- [About this task]
Among the entries that follow, find the lines holding "bool" and say how many there are, with no other words.

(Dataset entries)
[Start of Attachment]
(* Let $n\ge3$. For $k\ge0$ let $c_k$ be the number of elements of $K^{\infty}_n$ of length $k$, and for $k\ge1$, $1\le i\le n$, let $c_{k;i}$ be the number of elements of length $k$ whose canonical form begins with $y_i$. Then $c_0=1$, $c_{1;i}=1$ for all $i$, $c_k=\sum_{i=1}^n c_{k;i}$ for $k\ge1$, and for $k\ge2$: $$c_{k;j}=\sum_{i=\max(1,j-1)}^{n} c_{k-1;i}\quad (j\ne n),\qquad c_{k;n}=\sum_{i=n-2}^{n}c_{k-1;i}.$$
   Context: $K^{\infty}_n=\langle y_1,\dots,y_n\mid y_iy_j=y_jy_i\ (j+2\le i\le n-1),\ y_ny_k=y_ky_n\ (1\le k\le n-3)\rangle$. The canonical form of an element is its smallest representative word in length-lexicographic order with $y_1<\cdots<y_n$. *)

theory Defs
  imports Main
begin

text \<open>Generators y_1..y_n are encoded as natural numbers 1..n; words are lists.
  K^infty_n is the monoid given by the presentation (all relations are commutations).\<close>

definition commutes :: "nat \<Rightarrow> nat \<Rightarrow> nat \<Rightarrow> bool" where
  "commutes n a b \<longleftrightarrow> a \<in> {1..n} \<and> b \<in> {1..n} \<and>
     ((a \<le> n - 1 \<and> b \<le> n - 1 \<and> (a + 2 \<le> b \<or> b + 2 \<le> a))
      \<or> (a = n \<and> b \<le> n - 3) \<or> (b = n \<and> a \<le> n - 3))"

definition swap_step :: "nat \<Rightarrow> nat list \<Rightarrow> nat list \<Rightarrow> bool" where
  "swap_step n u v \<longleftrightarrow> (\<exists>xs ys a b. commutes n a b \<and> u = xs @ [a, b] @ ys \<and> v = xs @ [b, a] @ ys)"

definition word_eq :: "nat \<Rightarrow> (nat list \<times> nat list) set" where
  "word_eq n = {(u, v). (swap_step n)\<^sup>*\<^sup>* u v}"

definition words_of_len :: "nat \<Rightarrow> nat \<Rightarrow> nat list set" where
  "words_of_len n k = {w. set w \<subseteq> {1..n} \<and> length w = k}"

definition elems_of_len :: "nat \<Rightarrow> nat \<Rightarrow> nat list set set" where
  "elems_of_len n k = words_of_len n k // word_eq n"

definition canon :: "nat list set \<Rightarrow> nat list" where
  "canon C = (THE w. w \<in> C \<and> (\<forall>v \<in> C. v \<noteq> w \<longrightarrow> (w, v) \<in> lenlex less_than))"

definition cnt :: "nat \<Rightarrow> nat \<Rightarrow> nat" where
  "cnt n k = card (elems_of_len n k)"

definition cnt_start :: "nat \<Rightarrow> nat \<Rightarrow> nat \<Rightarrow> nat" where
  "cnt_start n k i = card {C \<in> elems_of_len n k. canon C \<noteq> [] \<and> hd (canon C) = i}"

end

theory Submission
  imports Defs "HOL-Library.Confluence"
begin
[End of Attachment]
- [Exercise result]
2